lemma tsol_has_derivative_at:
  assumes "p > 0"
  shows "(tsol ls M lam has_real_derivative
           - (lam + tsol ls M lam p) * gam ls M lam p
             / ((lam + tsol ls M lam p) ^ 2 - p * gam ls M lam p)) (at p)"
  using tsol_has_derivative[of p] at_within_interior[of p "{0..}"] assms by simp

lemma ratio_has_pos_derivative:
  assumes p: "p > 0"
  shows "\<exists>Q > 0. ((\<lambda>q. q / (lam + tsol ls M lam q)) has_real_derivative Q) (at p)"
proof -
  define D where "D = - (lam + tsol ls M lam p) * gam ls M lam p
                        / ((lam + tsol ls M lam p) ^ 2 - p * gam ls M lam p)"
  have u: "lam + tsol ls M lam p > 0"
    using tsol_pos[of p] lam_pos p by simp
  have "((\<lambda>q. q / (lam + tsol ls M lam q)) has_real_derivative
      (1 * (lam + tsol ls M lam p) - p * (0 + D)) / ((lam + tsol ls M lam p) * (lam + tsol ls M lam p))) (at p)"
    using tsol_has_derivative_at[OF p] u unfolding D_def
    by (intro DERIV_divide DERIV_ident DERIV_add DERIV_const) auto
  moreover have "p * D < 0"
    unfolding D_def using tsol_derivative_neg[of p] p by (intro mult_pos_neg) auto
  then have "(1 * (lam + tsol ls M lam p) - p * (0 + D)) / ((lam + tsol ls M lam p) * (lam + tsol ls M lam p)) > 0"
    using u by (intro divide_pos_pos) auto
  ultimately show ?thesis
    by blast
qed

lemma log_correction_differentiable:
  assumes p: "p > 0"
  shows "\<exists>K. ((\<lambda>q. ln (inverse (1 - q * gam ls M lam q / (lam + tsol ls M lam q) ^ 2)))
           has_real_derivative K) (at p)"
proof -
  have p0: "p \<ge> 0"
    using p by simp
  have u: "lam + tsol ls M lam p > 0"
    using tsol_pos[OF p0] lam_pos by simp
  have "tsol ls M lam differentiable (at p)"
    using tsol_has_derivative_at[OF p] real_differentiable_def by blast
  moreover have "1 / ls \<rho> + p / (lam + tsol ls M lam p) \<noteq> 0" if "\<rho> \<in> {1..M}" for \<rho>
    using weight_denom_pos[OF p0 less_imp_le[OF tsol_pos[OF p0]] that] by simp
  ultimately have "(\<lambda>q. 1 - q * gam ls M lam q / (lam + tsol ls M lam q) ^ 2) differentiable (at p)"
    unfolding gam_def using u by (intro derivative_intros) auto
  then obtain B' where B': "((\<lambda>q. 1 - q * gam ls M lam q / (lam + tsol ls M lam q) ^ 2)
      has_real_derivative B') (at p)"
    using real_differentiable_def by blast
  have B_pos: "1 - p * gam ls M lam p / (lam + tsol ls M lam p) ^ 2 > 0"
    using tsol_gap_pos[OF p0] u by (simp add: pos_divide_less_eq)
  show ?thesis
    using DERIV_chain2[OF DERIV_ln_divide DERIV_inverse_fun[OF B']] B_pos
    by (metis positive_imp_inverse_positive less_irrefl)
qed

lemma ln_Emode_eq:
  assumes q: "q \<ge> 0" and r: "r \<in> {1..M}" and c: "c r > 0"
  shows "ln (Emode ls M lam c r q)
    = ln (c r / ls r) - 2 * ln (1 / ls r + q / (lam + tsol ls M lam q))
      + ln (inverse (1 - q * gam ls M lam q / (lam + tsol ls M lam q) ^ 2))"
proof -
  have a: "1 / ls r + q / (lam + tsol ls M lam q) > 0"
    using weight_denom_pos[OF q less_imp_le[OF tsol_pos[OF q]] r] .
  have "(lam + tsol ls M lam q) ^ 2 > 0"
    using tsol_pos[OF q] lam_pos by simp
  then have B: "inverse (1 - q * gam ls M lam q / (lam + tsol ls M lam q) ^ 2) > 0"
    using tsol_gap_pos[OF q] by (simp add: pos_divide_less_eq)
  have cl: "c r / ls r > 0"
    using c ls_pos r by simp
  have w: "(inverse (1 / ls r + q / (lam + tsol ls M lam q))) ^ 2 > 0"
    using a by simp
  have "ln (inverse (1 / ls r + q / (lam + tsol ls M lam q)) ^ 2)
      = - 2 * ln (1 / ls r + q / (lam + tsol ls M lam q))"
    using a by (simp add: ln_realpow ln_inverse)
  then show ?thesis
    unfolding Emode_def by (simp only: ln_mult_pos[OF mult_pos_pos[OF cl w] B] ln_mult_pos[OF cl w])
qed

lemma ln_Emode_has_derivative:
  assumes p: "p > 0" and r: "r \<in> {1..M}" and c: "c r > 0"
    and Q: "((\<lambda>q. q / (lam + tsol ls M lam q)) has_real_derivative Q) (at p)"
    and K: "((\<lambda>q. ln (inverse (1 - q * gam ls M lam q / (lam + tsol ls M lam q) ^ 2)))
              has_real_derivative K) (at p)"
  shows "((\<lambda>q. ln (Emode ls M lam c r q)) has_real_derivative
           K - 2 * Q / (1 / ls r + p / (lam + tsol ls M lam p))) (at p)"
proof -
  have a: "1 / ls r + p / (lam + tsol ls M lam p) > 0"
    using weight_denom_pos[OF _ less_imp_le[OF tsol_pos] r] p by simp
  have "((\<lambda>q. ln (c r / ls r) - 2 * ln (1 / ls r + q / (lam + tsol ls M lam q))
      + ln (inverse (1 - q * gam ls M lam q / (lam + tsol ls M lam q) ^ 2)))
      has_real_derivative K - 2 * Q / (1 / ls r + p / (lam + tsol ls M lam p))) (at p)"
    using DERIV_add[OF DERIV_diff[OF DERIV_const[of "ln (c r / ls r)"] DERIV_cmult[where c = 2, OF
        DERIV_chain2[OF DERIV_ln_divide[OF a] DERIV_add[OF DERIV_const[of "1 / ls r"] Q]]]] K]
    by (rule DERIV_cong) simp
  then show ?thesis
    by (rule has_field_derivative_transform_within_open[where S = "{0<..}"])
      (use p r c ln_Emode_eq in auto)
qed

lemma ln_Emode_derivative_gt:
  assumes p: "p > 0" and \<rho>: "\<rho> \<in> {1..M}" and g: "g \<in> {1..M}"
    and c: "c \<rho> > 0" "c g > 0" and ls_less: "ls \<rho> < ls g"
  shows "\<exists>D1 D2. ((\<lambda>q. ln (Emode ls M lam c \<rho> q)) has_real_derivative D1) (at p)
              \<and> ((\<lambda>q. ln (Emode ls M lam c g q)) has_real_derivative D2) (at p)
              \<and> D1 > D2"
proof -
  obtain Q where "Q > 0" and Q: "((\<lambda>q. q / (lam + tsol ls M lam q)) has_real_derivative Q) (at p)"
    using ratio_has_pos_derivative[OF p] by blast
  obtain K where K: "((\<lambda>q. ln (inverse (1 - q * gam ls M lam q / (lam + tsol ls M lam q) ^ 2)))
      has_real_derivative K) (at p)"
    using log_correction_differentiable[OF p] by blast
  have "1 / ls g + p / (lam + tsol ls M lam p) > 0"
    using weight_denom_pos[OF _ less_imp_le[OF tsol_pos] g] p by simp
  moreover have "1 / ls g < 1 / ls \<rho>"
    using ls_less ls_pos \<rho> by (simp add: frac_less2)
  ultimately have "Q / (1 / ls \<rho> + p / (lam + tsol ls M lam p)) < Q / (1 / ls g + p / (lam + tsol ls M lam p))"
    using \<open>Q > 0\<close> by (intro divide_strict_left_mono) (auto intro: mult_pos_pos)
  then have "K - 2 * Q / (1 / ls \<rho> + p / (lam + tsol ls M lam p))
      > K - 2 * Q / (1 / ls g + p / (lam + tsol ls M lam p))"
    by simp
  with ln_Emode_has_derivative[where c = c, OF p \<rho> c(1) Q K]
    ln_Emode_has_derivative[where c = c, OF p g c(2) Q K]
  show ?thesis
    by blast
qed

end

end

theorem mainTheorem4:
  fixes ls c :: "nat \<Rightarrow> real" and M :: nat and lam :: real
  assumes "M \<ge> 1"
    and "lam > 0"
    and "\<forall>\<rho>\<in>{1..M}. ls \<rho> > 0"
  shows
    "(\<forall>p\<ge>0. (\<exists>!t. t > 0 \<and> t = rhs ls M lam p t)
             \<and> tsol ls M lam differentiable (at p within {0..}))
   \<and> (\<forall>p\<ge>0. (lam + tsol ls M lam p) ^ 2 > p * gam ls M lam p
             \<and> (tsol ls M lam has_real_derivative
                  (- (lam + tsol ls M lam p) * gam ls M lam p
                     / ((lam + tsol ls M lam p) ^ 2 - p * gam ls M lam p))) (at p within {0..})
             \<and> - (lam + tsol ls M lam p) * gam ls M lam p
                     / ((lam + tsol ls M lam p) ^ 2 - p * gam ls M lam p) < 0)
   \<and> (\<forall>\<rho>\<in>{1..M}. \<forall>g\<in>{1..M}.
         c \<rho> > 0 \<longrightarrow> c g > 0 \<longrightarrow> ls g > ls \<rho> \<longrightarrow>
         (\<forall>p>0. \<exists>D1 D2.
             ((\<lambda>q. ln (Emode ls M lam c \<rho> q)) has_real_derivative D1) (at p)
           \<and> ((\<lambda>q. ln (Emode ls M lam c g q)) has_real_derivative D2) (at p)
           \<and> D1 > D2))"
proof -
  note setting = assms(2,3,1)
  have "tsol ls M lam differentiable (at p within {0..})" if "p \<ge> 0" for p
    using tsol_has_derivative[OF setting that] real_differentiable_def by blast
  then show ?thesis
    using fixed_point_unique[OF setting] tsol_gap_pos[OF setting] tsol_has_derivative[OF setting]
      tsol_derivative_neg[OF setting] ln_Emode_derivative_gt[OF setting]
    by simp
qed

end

* About this task
The answer must be every line from the records above that contains the word "forall", copied in full.

* Written solution
    and "\<forall>\<rho>\<in>{1..M}. ls \<rho> > 0"
    "(\<forall>p\<ge>0. (\<exists>!t. t > 0 \<and> t = rhs ls M lam p t)
   \<and> (\<forall>p\<ge>0. (lam + tsol ls M lam p) ^ 2 > p * gam ls M lam p
   \<and> (\<forall>\<rho>\<in>{1..M}. \<forall>g\<in>{1..M}.
         (\<forall>p>0. \<exists>D1 D2.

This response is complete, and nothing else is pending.